(* Let $N\ge2$, $\alpha\in(0,1)$, $\beta\in(\alpha,1)$, let $\Omega\subset\mathbb{R}^{N-1}$ be open and let $u,v\in C^{1,\beta}_{loc}(\Omega)\cap C(\mathbb{R}^{N-1})$. Set $w=u-v$. Then for every $x\in\Omega$, $$H(u)(x)-H(v)(x)=PV\int_{\mathbb{R}^{N-1}}\frac{w(x)-w(y)}{|x-y|^{N+\alpha}}\,\tilde q_{u,v}(x,y)\,dy,$$ where $\tilde q_{u,v}(x,y):=-2\int_0^1F'\big(p_v(x,y)+\rho\,p_{u-v}(x,y)\big)\,d\rho$. In particular, if $H(u)(x)-H(v)(x)\ge0$ for every $x\in\Omega$ and $u\ge v$ on $\mathbb{R}^{N-1}\setminus\Omega$, then $u-v$ cannot attain its global minimum (over $\mathbb{R}^{N-1}$) at a point of $\Omega$ unless $u-v$ is constant on $\mathbb{R}^{N-1}$.
   Context: For a function $f:\mathbb{R}^{N-1}\to\mathbb{R}$ and $x\ne y$, set $p_f(x,y)=\frac{f(y)-f(x)}{|x-y|}$, and let $F(p)=\int_p^{+\infty}(1+\tau^2)^{-(N+\alpha)/2}\,d\tau$ (so $F'(p)=-(1+p^2)^{-(N+\alpha)/2}<0$). For $f$ continuous on $\mathbb{R}^{N-1}$ and $C^{1,\beta}$ near $x$, the nonlocal mean curvature of the graph of $f$ at $x$ is $$H(f)(x)=PV\int_{\mathbb{R}^{N-1}}\frac{F(p_f(x,y))-F(-p_f(x,y))}{|x-y|^{N-1+\alpha}}\,dy=\lim_{\varepsilon\to0}\int_{\mathbb{R}^{N-1}\setminus B_\varepsilon(x)}\frac{F(p_f(x,y))-F(-p_f(x,y))}{|x-y|^{N-1+\alpha}}\,dy,$$ which equals the nonlocal mean curvature $PV\int_{\mathbb{R}^N}\tau_{E_f}(z)|z-(x,f(x))|^{-N-\alpha}dz$ of the boundary of the subgraph $E_f=\{(y,t):t<f(y)\}$ at $(x,f(x))$, with $\tau_E=1_{\mathbb{R}^N\setminus E}-1_E$. *)

theory Defs
  imports "HOL-Analysis.Analysis"
begin

text \<open>The space R^(N-1) is modelled by a Euclidean space type 'a with DIM('a) = N - 1.\<close>

definition Fnl :: "nat \<Rightarrow> real \<Rightarrow> real \<Rightarrow> real" where
  "Fnl N \<alpha> p = integral {p..} (\<lambda>\<tau>. (1 + \<tau>\<^sup>2) powr (- (real N + \<alpha>) / 2))"
lemma search_loop:
  "search_state lo hi M \<Longrightarrow> \<exists>n M'. reaches Qry B (16, M) n (30, M') \<and>
     real n \<le> log_cost 9 (hi - lo) + 3 \<and> M' 0 = int (rank m b t)"
proof (induction "hi - lo" arbitrary: lo hi M rule: less_induct)
  case less
  show ?case
  proof (cases "lo < hi")
    case True
    obtain lo' hi' M' where step: "reaches Qry B (16, M) 9 (16, M')" "search_state lo' hi' M'"
      "hi' - lo' \<le> (hi - lo) div 2"
      using search_step[OF less.prems True] by blast
    then obtain n M'' where rest: "reaches Qry B (16, M') n (30, M'')"
      "real n \<le> log_cost 9 (hi' - lo') + 3" "M'' 0 = int (rank m b t)"
      using less.hyps[of hi' lo'] True by fastforce
    have "9 + log_cost 9 (hi' - lo') \<le> log_cost 9 (hi - lo)"
      using True step(3) by (intro log_cost_halve) simp_all
    then have "real (9 + n) \<le> log_cost 9 (hi - lo) + 3"
      using rest(2) by simp
    then show ?thesis
      using reaches_add[OF step(1) rest(1)] rest(3) by blast
  next
    case False
    then show ?thesis
      using search_exit[OF less.prems] log_cost_nonneg[of 9 "hi - lo"]
      by (fastforce intro!: exI[of _ 3])
  qed
qed

lemma query_runs:
  "\<exists>n M'. runs Qry (M1(0 := t)) n B M' \<and> real n \<le> 50 * (1 + log 2 (log 2 D)) \<and>
     M' 0 = int (rank m b t)"
proof -
  define L where "L = log 2 (log 2 D)"
  have log_D: "1 \<le> log 2 D"
    using D_ge by simp
  then have "0 \<le> L"
    unfolding L_def by simp
  have "\<exists>n M'. reaches Qry B (0, M1(0 := t)) n (30, M') \<and> real n \<le> 50 * (1 + L) \<and>
     M' 0 = int (rank m b t)"
  proof (cases "t < b 1")
    case True
    then obtain M' where "reaches Qry B (0, M1(0 := t)) 5 (30, M')" "M' 0 = int (rank m b t)"
      using query_below by blast
    with \<open>0 \<le> L\<close> show ?thesis
      by (intro exI[of _ 5] exI[of _ M']) simp
  next
    case above_first: False
    show ?thesis
    proof (cases "b m \<le> t")
      case True
      then obtain M' where "reaches Qry B (0, M1(0 := t)) 7 (30, M')" "M' 0 = int (rank m b t)"
        using query_above above_first by fastforce
      with \<open>0 \<le> L\<close> show ?thesis
        by (intro exI[of _ 7] exI[of _ M']) simp
    next
      case False
      define q where "q = query_bucket t"
      obtain M where start: "reaches Qry B (0, M1(0 := t)) 14 (16, M)"
        "search_state (bucket_rank (q - 1)) (bucket_rank q) M"
        using query_enters_search above_first False unfolding q_def by fastforce
      obtain n M' where search: "reaches Qry B (16, M) n (30, M')"
        "real n \<le> log_cost 9 (bucket_rank q - bucket_rank (q - 1)) + 3" "M' 0 = int (rank m b t)"
        using search_loop[OF start(2)] by blast
      have "real (bucket_rank q - bucket_rank (q - 1)) \<le> log 2 D + 2"
        using bucket_size[of q] width_upper bucket_rank_mono[of "q - 1" q] by (simp add: of_nat_diff)
      then have "log_cost 9 (bucket_rank q - bucket_rank (q - 1)) \<le> 9 * (1 + log 2 (log 2 D + 2))"
        using log_D by (intro log_cost_le) simp_all
      also have "log 2 (log 2 D + 2) \<le> log 2 (4 * log 2 D)"
        using log_D by simp
      also have "\<dots> = 2 + L"
        using log_D log_pow_cancel[of "2::real" 2] unfolding L_def by (simp add: log_mult)
      finally have "real (14 + n) \<le> 50 * (1 + L)"
        using search(2) \<open>0 \<le> L\<close> by simp
      then show ?thesis
        using reaches_add[OF start(1) search(1)] search(3) by blast
    qed
  qed
  then show ?thesis
    using runs_if_reaches[of Qry B] unfolding L_def by (fastforce simp: Qry_def)
qed
(* Let $T \subseteq \mathbb{Z}_2^\omega$ be a thin set such that $T\cap X\neq\emptyset$ for every equivalence class $X$ of the relation $\sim$ on $\mathbb{Z}_2^\omega$. Then $T$ is not a Borel subset of $\mathbb{Z}_2^\omega$.
   Context: $\mathbb{Z}_2^\omega$ is the Cantor cube of infinite binary sequences indexed by $\omega=\{0,1,2,\dots\}$, with the product (Tychonoff) topology. The Hamming distance is $\mathrm{hd}(x,y)=|\{k: x(k)\ne y(k)\}|\in\omega\cup\{\omega\}$, and $x\sim y$ iff $\mathrm{hd}(x,y)$ is finite. A set $T\subseteq\mathbb{Z}_2^\omega$ is thin if for every $n\in\omega$ the map $x\mapsto x|_{\omega\setminus\{n\}}$ is injective on $T$ (equivalently, no two distinct elements of $T$ differ in exactly one coordinate). *)

theory Defs
  imports "HOL-Analysis.Analysis"
begin

text \<open>Cantor cube: the type nat \<Rightarrow> bool (bool with its discrete topology,
  the function space with the product topology from Function_Topology).\<close>

definition hamming_equiv :: "(nat \<Rightarrow> bool) \<Rightarrow> (nat \<Rightarrow> bool) \<Rightarrow> bool" where
  "hamming_equiv x y \<longleftrightarrow> finite {k. x k \<noteq> y k}"

definition hamming_rel :: "((nat \<Rightarrow> bool) \<times> (nat \<Rightarrow> bool)) set" where
  "hamming_rel = {(x, y). hamming_equiv x y}"

definition thin :: "(nat \<Rightarrow> bool) set \<Rightarrow> bool" where
  "thin T \<longleftrightarrow> (\<forall>n. inj_on (\<lambda>x. restrict x (UNIV - {n})) T)"

end

theory Submission
  imports Defs
begin

text \<open>A Borel set T has the Baire property: it differs from some open set U by a meager set.
  Toggling a single coordinate n is a homeomorphism of the Cantor cube which, by thinness, maps T
  off itself; for x in U and n outside the finitely many coordinates constrained by a basic
  neighbourhood of x, it also keeps x inside U. So a nonempty open part of U would be covered by
  two meager sets, hence U is empty and T is meager. But as T meets every Hamming class, its
  countably many images under toggling finite sets of coordinates cover the cube, contradicting
  the Baire category theorem.\<close>

definition meager :: "'a::topological_space set \<Rightarrow> bool" where
  "meager A \<longleftrightarrow> (\<exists>\<C>. countable \<C> \<and> (\<forall>C\<in>\<C>. closed C \<and> interior C = {}) \<and> A \<subseteq> \<Union>\<C>)"

definition baire_property :: "'a::topological_space set \<Rightarrow> bool" where
  "baire_property A \<longleftrightarrow> (\<exists>U. open U \<and> meager (sym_diff A U))"

lemma meager_subset: "meager B \<Longrightarrow> A \<subseteq> B \<Longrightarrow> meager A"
  unfolding meager_def by (meson subset_trans)

lemma meager_empty [simp]: "meager {}"
  unfolding meager_def by (intro exI[of _ "{}"]) simp

lemma meager_countable_UN:
  assumes "countable I" and "\<And>i. i \<in> I \<Longrightarrow> meager (A i)"
  shows "meager (\<Union>i\<in>I. A i)"
proof -
  obtain \<C> where \<C>: "\<And>i. i \<in> I \<Longrightarrow>
      countable (\<C> i) \<and> (\<forall>C\<in>\<C> i. closed C \<and> interior C = {}) \<and> A i \<subseteq> \<Union>(\<C> i)"
    using assms(2) unfolding meager_def by metis
  show ?thesis
    unfolding meager_def
    by (intro exI[of _ "\<Union>i\<in>I. \<C> i"]) (use assms(1) \<C> in fastforce)
qed

lemma meager_Un: "meager A \<Longrightarrow> meager B \<Longrightarrow> meager (A \<union> B)"
  using meager_countable_UN[of "{A, B}" id] by auto

lemma meager_frontier_open:
  assumes "open U"
  shows "meager (frontier U)"
proof -
  have "interior (frontier U) \<inter> U = {}"
    using assms frontier_disjoint_eq interior_subset by blast
  then have "interior (frontier U) \<inter> closure U = {}"
    by (simp add: open_Int_closure_eq_empty)
  then have "interior (frontier U) = {}"
    using interior_subset[of "frontier U"] by (auto simp: frontier_def)
  then show ?thesis
    unfolding meager_def by (intro exI[of _ "{frontier U}"]) simp
qed

lemma borel_baire_property:
  assumes "A \<in> sets borel"
  shows "baire_property A"
proof -
  have "A \<in> sigma_sets UNIV {S. open S}"
    using assms by (simp add: sets_borel)
  then show ?thesis
  proof induction
    case (Basic A)
    then show ?case
      unfolding baire_property_def by (intro exI[of _ A]) simp
  next
    case Empty
    then show ?case
      unfolding baire_property_def by (intro exI[of _ "{}"]) simp
  next
    case (Compl A)
    then obtain U where U: "open U" "meager (sym_diff A U)"
      unfolding baire_property_def by blast
    have "sym_diff (UNIV - A) (- closure U) \<subseteq> sym_diff A U \<union> frontier U"
      using closure_subset[of U] U(1) by (auto simp: frontier_def interior_open)
    moreover have "meager (sym_diff A U \<union> frontier U)"
      using U meager_Un meager_frontier_open by blast
    ultimately show ?case
      unfolding baire_property_def by (meson open_Compl closed_closure meager_subset)
  next
    case (Union A)
    then obtain U where U: "\<And>i. open (U i)" "\<And>i. meager (sym_diff (A i) (U i))"
      unfolding baire_property_def by metis
    have "sym_diff (\<Union>(range A)) (\<Union>(range U)) \<subseteq> (\<Union>i. sym_diff (A i) (U i))"
      by blast
    moreover have "meager (\<Union>i. sym_diff (A i) (U i))"
      by (rule meager_countable_UN) (simp_all add: U)
    ultimately show ?case
      unfolding baire_property_def by (meson U(1) open_UN meager_subset)
  qed
qed

lemma meager_homeomorphic_image:
  assumes "homeomorphic_map euclidean euclidean f" and "meager A"
  shows "meager (f ` A)"
proof -
  obtain \<C> where \<C>: "countable \<C>" "\<And>C. C \<in> \<C> \<Longrightarrow> closed C \<and> interior C = {}" "A \<subseteq> \<Union>\<C>"
    using assms(2) unfolding meager_def by blast
  have "closed (f ` C)" if "C \<in> \<C>" for C
    using homeomorphic_map_closedness[OF assms(1), of C] \<C>(2)[OF that] by simp
  moreover have "interior (f ` C) = {}" if "C \<in> \<C>" for C
    using homeomorphic_map_interior_of[OF assms(1), of C] \<C>(2)[OF that] by simp
  moreover have "f ` A \<subseteq> \<Union>((`) f ` \<C>)"
    using \<C>(3) by blast
  ultimately show ?thesis
    unfolding meager_def using \<C>(1) by (intro exI[of _ "(`) f ` \<C>"]) auto
qed

lemma not_meager_open:
  fixes U :: "'a::topological_space set"
  assumes "completely_metrizable_space (euclidean :: 'a topology)
      \<or> locally_compact_space (euclidean :: 'a topology) \<and> regular_space (euclidean :: 'a topology)"
    and "open U" and "U \<noteq> {}"
  shows "\<not> meager U"
proof
  assume "meager U"
  then obtain \<C> where \<C>: "countable \<C>" "\<And>C. C \<in> \<C> \<Longrightarrow> closed C \<and> interior C = {}" "U \<subseteq> \<Union>\<C>"
    unfolding meager_def by blast
  have "interior (\<Union>\<C>) = {}"
    using Baire_category_alt[OF assms(1) \<C>(1)] \<C>(2) by simp
  moreover have "U \<subseteq> interior (\<Union>\<C>)"
    using \<C>(3) assms(2) interior_maximal by blast
  ultimately show False
    using assms(3) by blast
qed

lemma locally_compact_regular_Cantor_cube:
  "locally_compact_space (euclidean :: ('a \<Rightarrow> bool) topology)
    \<and> regular_space (euclidean :: ('a \<Rightarrow> bool) topology)"
proof -
  have "compact_space (euclidean :: bool topology)"
    by (simp add: compact_space_def finite_imp_compact compactin_euclidean_iff)
  then have "compact_space (euclidean :: ('a \<Rightarrow> bool) topology)"
    by (metis compact_space_product_topology euclidean_product_topology)
  moreover have "Hausdorff_space (euclidean :: bool topology)"
    unfolding Hausdorff_space_def by (metis open_openin separation_t2 disjnt_def)
  then have "Hausdorff_space (euclidean :: ('a \<Rightarrow> bool) topology)"
    by (metis Hausdorff_space_product_topology euclidean_product_topology)
  ultimately show ?thesis
    by (simp add: compact_imp_locally_compact_space compact_Hausdorff_imp_regular_space)
qed

lemma not_meager_open_Cantor_cube:
  fixes U :: "('a \<Rightarrow> bool) set"
  assumes "open U" and "U \<noteq> {}"
  shows "\<not> meager U"
  using not_meager_open[OF disjI2[OF locally_compact_regular_Cantor_cube] assms] .

definition toggle :: "'a set \<Rightarrow> ('a \<Rightarrow> bool) \<Rightarrow> ('a \<Rightarrow> bool)" where
  "toggle F x = (\<lambda>k. if k \<in> F then \<not> x k else x k)"

lemma toggle_toggle [simp]: "toggle F (toggle F x) = x"
  by (simp add: toggle_def)

lemma continuous_on_toggle: "continuous_on UNIV (toggle F)"
  unfolding toggle_def
proof (intro continuous_on_coordinatewise_then_product)
  fix k
  have "continuous_on UNIV (\<lambda>b::bool. if k \<in> F then \<not> b else b)"
    by (simp add: continuous_on_open_vimage open_discrete)
  then show "continuous_on UNIV (\<lambda>x. if k \<in> F then \<not> x k else x k)"
    by (rule continuous_on_compose2[OF _ continuous_on_product_coordinates]) simp
qed

lemma homeomorphic_map_toggle: "homeomorphic_map euclidean euclidean (toggle F)"
  by (rule homeomorphic_map_involution) (simp_all add: continuous_on_toggle)

lemma open_toggle_single:
  fixes U :: "('a \<Rightarrow> bool) set"
  assumes "infinite (UNIV :: 'a set)" and "open U" and "x \<in> U"
  obtains n where "toggle {n} x \<in> U"
proof -
  have "openin (product_topology (\<lambda>i. euclidean) UNIV) U"
    using assms(2) by (simp add: euclidean_product_topology)
  then obtain V where V: "finite {i. V i \<noteq> UNIV}" "x \<in> Pi\<^sub>E UNIV V" "Pi\<^sub>E UNIV V \<subseteq> U"
    using assms(3) unfolding openin_product_topology_alt by simp meson
  obtain n where "V n = UNIV"
    using ex_new_if_finite[OF assms(1) V(1)] by blast
  then have "toggle {n} x \<in> Pi\<^sub>E UNIV V"
    using V(2) by (simp add: toggle_def PiE_iff)
  then show thesis
    using V(3) that by blast
qed

lemma thin_toggle_single:
  assumes "thin T" and "z \<in> T"
  shows "toggle {n} z \<notin> T"
proof
  assume "toggle {n} z \<in> T"
  moreover have "restrict (toggle {n} z) (UNIV - {n}) = restrict z (UNIV - {n})"
    by (simp add: restrict_def toggle_def)
  ultimately have "toggle {n} z = z"
    using assms unfolding thin_def inj_on_def by blast
  then have "toggle {n} z n = z n"
    by simp
  then show False
    by (simp add: toggle_def)
qed

lemma UN_toggle_finite_eq_UNIV:
  assumes "\<forall>X \<in> UNIV // hamming_rel. T \<inter> X \<noteq> {}"
  shows "(\<Union>F\<in>{F. finite F}. toggle F ` T) = UNIV"
proof -
  have "x \<in> (\<Union>F\<in>{F. finite F}. toggle F ` T)" for x
  proof -
    have "hamming_rel `` {x} \<in> UNIV // hamming_rel"
      by (rule quotientI) simp
    then obtain t where "t \<in> T" and "(x, t) \<in> hamming_rel"
      using assms by blast
    then have "finite {k. x k \<noteq> t k}"
      by (simp add: hamming_rel_def hamming_equiv_def)
    moreover have "x = toggle {k. x k \<noteq> t k} t"
      by (auto simp: toggle_def)
    ultimately show ?thesis
      using \<open>t \<in> T\<close> by blast
  qed
  then show ?thesis
    by blast
qed

lemma thin_meager_sym_diff_open_imp_empty:
  assumes "thin T" and "open U" and "meager (sym_diff T U)"
  shows "U = {}"
proof (rule ccontr)
  assume "U \<noteq> {}"
  then obtain x where "x \<in> U"
    by blast
  then obtain n where "toggle {n} x \<in> U"
    using open_toggle_single[OF infinite_UNIV_nat assms(2)] by blast
  define Z where "Z = U \<inter> toggle {n} -` U"
  have "open Z"
    unfolding Z_def by (intro open_Int assms(2) open_vimage[OF _ continuous_on_toggle])
  moreover have "Z \<noteq> {}"
    using \<open>x \<in> U\<close> \<open>toggle {n} x \<in> U\<close> by (auto simp: Z_def)
  moreover have "Z \<subseteq> (U - T) \<union> toggle {n} ` (U - T)"
  proof
    fix z assume "z \<in> Z"
    show "z \<in> (U - T) \<union> toggle {n} ` (U - T)"
    proof (cases "z \<in> T")
      case True
      then have "toggle {n} z \<in> U - T"
        using \<open>z \<in> Z\<close> thin_toggle_single[OF assms(1)] by (simp add: Z_def)
      then show ?thesis
        by (metis UnI2 image_eqI toggle_toggle)
    next
      case False
      then show ?thesis
        using \<open>z \<in> Z\<close> by (simp add: Z_def)
    qed
  qed
  moreover have "meager ((U - T) \<union> toggle {n} ` (U - T))"
    using meager_subset[OF assms(3), of "U - T"]
    by (intro meager_Un meager_homeomorphic_image[OF homeomorphic_map_toggle]) auto
  ultimately show False
    using not_meager_open_Cantor_cube meager_subset by blast
qed

lemma not_meager_if_meets_all_hamming_classes:
  fixes T :: "(nat \<Rightarrow> bool) set"
  assumes "\<forall>X \<in> UNIV // hamming_rel. T \<inter> X \<noteq> {}"
  shows "\<not> meager T"
proof
  assume "meager T"
  then have "meager (\<Union>F\<in>{F. finite F}. toggle F ` T)"
    by (intro meager_countable_UN countable_Collect_finite
        meager_homeomorphic_image[OF homeomorphic_map_toggle])
  then show False
    using not_meager_open_Cantor_cube[of "UNIV :: (nat \<Rightarrow> bool) set"]
    by (simp add: UN_toggle_finite_eq_UNIV[OF assms])
qed

theorem theorem9:
  fixes T :: "(nat \<Rightarrow> bool) set"
  assumes "thin T"
    and "\<forall>X \<in> UNIV // hamming_rel. T \<inter> X \<noteq> {}"
  shows "T \<notin> sets borel"
proof
  assume "T \<in> sets borel"
  then obtain U where "open U" and "meager (sym_diff T U)"
    using borel_baire_property baire_property_def by blast
  moreover from this have "U = {}"
    using thin_meager_sym_diff_open_imp_empty[OF assms(1)] by blast
  ultimately have "meager T"
    by simp
  then show False
    using not_meager_if_meets_all_hamming_classes[OF assms(2)] by blast
qed

end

What to do: Among the entries, find every line holding "also" and return it.

Completed exercise:
      also have "log 2 (log 2 D + 2) \<le> log 2 (4 * log 2 D)"
      also have "\<dots> = 2 + L"
  neighbourhood of x, it also keeps x inside U. So a nonempty open part of U would be covered by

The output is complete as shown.